On Christmas Eve, 1914, Boise charities continued a tradition of giving presents to orphans and other underprivileged poor children. That year, “batchelor boys and girls” were talked into devoting their energies toward making a great celebration, as The Statesman noted:
“Somebody pressed a button, and hundreds of electric lights dotting the walls and ceiling of the big cream and white room of the Idaho Power and Light Company shown out, and the immense Christmas tree, in all its holiday glory, glittered with many colored lights. Outside an eager crowd of youngsters with tickets of admission held tightly in their hands, and older people scarcely less eager, waited until it was time to go in, and then they came. Children, children, and more children, packing the balcony to the limit, crowding against railings and walls.
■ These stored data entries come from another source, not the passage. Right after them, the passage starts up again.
lemma sum_inverse_eq_0_of_elimination:
  fixes \<pi> :: "'a \<Rightarrow> 'b::field" and J :: "'a \<Rightarrow> 'b" and Q B :: "'b poly"
  assumes "card S = degree Q" "degree B + 2 \<le> degree Q" "inj_on \<pi> S"
    and "\<And>p. p \<in> S \<Longrightarrow> poly Q (\<pi> p) = 0"
    and "\<And>p. p \<in> S \<Longrightarrow> J p * poly B (\<pi> p) = poly (pderiv Q) (\<pi> p)"
  shows "(\<Sum>p\<in>S. 1 / J p) = 0"
proof -
  have "finite S"
    using assms(1,2) card.infinite by fastforce
  then have roots: "finite (\<pi> ` S)" "card (\<pi> ` S) = degree Q" "\<And>r. r \<in> \<pi> ` S \<Longrightarrow> poly Q r = 0"
    using assms(1,3,4) by (auto simp: card_image)
  have "1 / J p = poly B (\<pi> p) / poly (pderiv Q) (\<pi> p)" if "p \<in> S" for p
  proof -
    have "Q \<noteq> 0" using assms(2) by auto
    then have "J p * poly B (\<pi> p) \<noteq> 0"
      using roots(1) that by (simp add: assms(5) poly_pderiv_at_root[OF roots] prod_zero_iff)
    then show ?thesis
      by (simp add: assms(5)[OF that, symmetric])
  qed
  then have "(\<Sum>p\<in>S. 1 / J p) = (\<Sum>r\<in>\<pi> ` S. poly B r / poly (pderiv Q) r)"
    using assms(3) by (simp add: sum.reindex)
  also have "\<dots> = 0"
    using roots assms(2) by (rule sum_poly_div_pderiv_roots_eq_0)
  finally show ?thesis .
qed
lemma Im_Ln_div_2pi_i:
  assumes "\<zeta> \<noteq> 0"
  shows "Im (Ln \<zeta> / (2 * of_real pi * \<i>)) = - ln (cmod \<zeta>) / (2 * pi)"
proof -
  have "Ln \<zeta> / (2 * of_real pi * \<i>) = - \<i> * Ln \<zeta> / (2 * of_real pi)"
    by (simp add: field_simps)
  also have "Im \<dots> = - Re (Ln \<zeta>) / (2 * pi)"
    by (simp add: Im_divide_of_real)
  finally show ?thesis using assms by simp
qed

lemma Ln_div_2pi_i_in_upper_half:
  assumes "\<zeta> \<in> ball 0 1 - {0}"
  shows "Ln \<zeta> / (2 * of_real pi * \<i>) \<in> upper_half"
proof -
  have "ln (cmod \<zeta>) < 0" using assms by simp
  then show ?thesis
    using assms Im_Ln_div_2pi_i[of \<zeta>] by (auto simp: mem_upper_half_iff divide_neg_pos)
qed

lemma q_fun_exp:
  assumes "cusp_form k \<phi>" "z \<in> upper_half"
  shows "q_fun \<phi> (exp (2 * of_real pi * \<i> * z)) = \<phi> z"
  unfolding q_fun_def
proof (rule cusp_form_eq_if_exp_eq[OF assms])
  let ?\<zeta> = "exp (2 * of_real pi * \<i> * z)"
  have "2 * of_real pi * \<i> * (Ln ?\<zeta> / (2 * of_real pi * \<i>)) = Ln ?\<zeta>" by simp
  then show "exp (2 * of_real pi * \<i> * (Ln ?\<zeta> / (2 * of_real pi * \<i>))) = ?\<zeta>" by simp
qed

text \<open>Off the negative real axis \<open>Ln\<close> is holomorphic; on it, the branch \<open>Ln (-\<zeta>) + i\<pi>\<close> differs
  from \<open>Ln \<zeta>\<close> by a multiple of \<open>2\<pi>i\<close>, which the periodic \<open>\<phi>\<close> does not see.\<close>
lemma q_fun_holomorphic:
  assumes "cusp_form k \<phi>"
  shows "q_fun \<phi> holomorphic_on ball 0 1 - {0}"
proof -
  define c :: complex where "c = 2 * of_real pi * \<i>"
  have c0: "c \<noteq> 0" by (simp add: c_def)
  define B where "B = ball (0::complex) 1 - {0}"
  define g2 where "g2 = (\<lambda>\<zeta>. \<phi> ((Ln (- \<zeta>) + \<i> * pi) / c))"
  have oB: "open B" unfolding B_def by auto
  have lnH: "Ln \<zeta> / c \<in> upper_half" if "\<zeta> \<in> B" for \<zeta>
    using Ln_div_2pi_i_in_upper_half that by (simp add: B_def c_def)
  have ln2H: "(Ln (- \<zeta>) + \<i> * pi) / c \<in> upper_half" if "\<zeta> \<in> B" for \<zeta>
  proof -
    have "(Ln (- \<zeta>) + \<i> * pi) / c = Ln (- \<zeta>) / c + 1/2"
      by (simp add: c_def field_simps)
    then show ?thesis using lnH[of "-\<zeta>"] that by (simp add: mem_upper_half_iff B_def)
  qed
  have g2: "q_fun \<phi> \<zeta> = g2 \<zeta>" if "\<zeta> \<in> B" for \<zeta>
  proof -
    have "exp (c * ((Ln (- \<zeta>) + \<i> * pi) / c)) = exp (c * (Ln \<zeta> / c))"
      using c0 that by (simp add: exp_add B_def)
    then show ?thesis unfolding q_fun_def g2_def
      using cusp_form_eq_if_exp_eq[OF assms ln2H[OF that]] by (metis c_def)
  qed
  have \<phi>: "\<phi> field_differentiable at w" if "w \<in> upper_half" for w
    using assms that open_upper_half holomorphic_on_imp_differentiable_at
    by (auto simp: cusp_form_def)
  have "q_fun \<phi> field_differentiable at \<zeta>" if \<zeta>: "\<zeta> \<in> B" for \<zeta>
  proof (cases "\<zeta> \<in> \<real>\<^sub>\<le>\<^sub>0")
    case False
    have "(\<lambda>\<zeta>. Ln \<zeta> / c) field_differentiable at \<zeta>"
      using False c0 by (intro derivative_intros field_differentiable_at_Ln field_differentiable_divide) auto
    then have "(\<phi> \<circ> (\<lambda>\<zeta>. Ln \<zeta> / c)) field_differentiable at \<zeta>"
      by (rule field_differentiable_compose) (use \<phi> lnH \<zeta> in auto)
    then show ?thesis unfolding q_fun_def c_def o_def .
  next
    case True
    then have nz: "- \<zeta> \<notin> \<real>\<^sub>\<le>\<^sub>0"
      using \<zeta> by (auto simp: B_def complex_nonpos_Reals_iff complex_eq_iff)
    have "(\<lambda>\<zeta>. Ln (- \<zeta>)) field_differentiable at \<zeta>"
      using field_differentiable_compose[of uminus \<zeta> Ln] nz
      by (simp add: o_def field_differentiable_at_Ln field_differentiable_minus field_differentiable_ident)
    then have "(\<lambda>\<zeta>. (Ln (- \<zeta>) + \<i> * pi) / c) field_differentiable at \<zeta>"
      using c0 by (intro field_differentiable_divide field_differentiable_add) auto
    then have "(\<phi> \<circ> (\<lambda>\<zeta>. (Ln (- \<zeta>) + \<i> * pi) / c)) field_differentiable at \<zeta>"
      by (rule field_differentiable_compose) (use \<phi> ln2H \<zeta> in auto)
    then obtain f' where "(g2 has_field_derivative f') (at \<zeta>)"
      unfolding g2_def field_differentiable_def o_def by blast
    then have "(q_fun \<phi> has_field_derivative f') (at \<zeta>)"
      by (rule has_field_derivative_transform_within_open[OF _ oB \<zeta>]) (simp add: g2)
    then show ?thesis unfolding field_differentiable_def by blast
  qed
  then show ?thesis
    using oB by (simp add: B_def holomorphic_on_open field_differentiable_def)
qed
“The Salvation Army band camped on the stairs leading to the balcony. After two or three selections, which were heartily applauded, the Boy Scouts gave their yells, and then the lights all went out and only the majestic Christmas tree glowed. Yells, whistles and clapping from the children attested to their delight. Then all the lights were turned on again. John F. Nugent, president of the Associated Charities, made a brief speech to the children and then the distribution of presents began.
“A number became confused with all the bustle and crowd, and one little girl cried because she was afraid, and some others wept because they were lost. But these were small griefs, soon remedied, with all the bachelors, girls and boys, and Salvation Army Capt. Barnes and Mrs. Niday and Mr. Nugent and a lot of others to see about such things; and they all left happy as could be.
“Close to 600 children were entertained. During the distribution of the presents St. Michael’s choir boys sang Christmas carols and ‘It’s a Long Way to Tipperary.’
“The Good Fellows were there with bells on. They were about the busiest unattached fellows in this town. A big number of teachers and other single girls helped the boys out. And Capt. Barnes and Mrs. Niday marshalled the forces like experienced generals. And they all seemed so happy and jolly, and some of them said it was the best Christmas they had had in a long time.”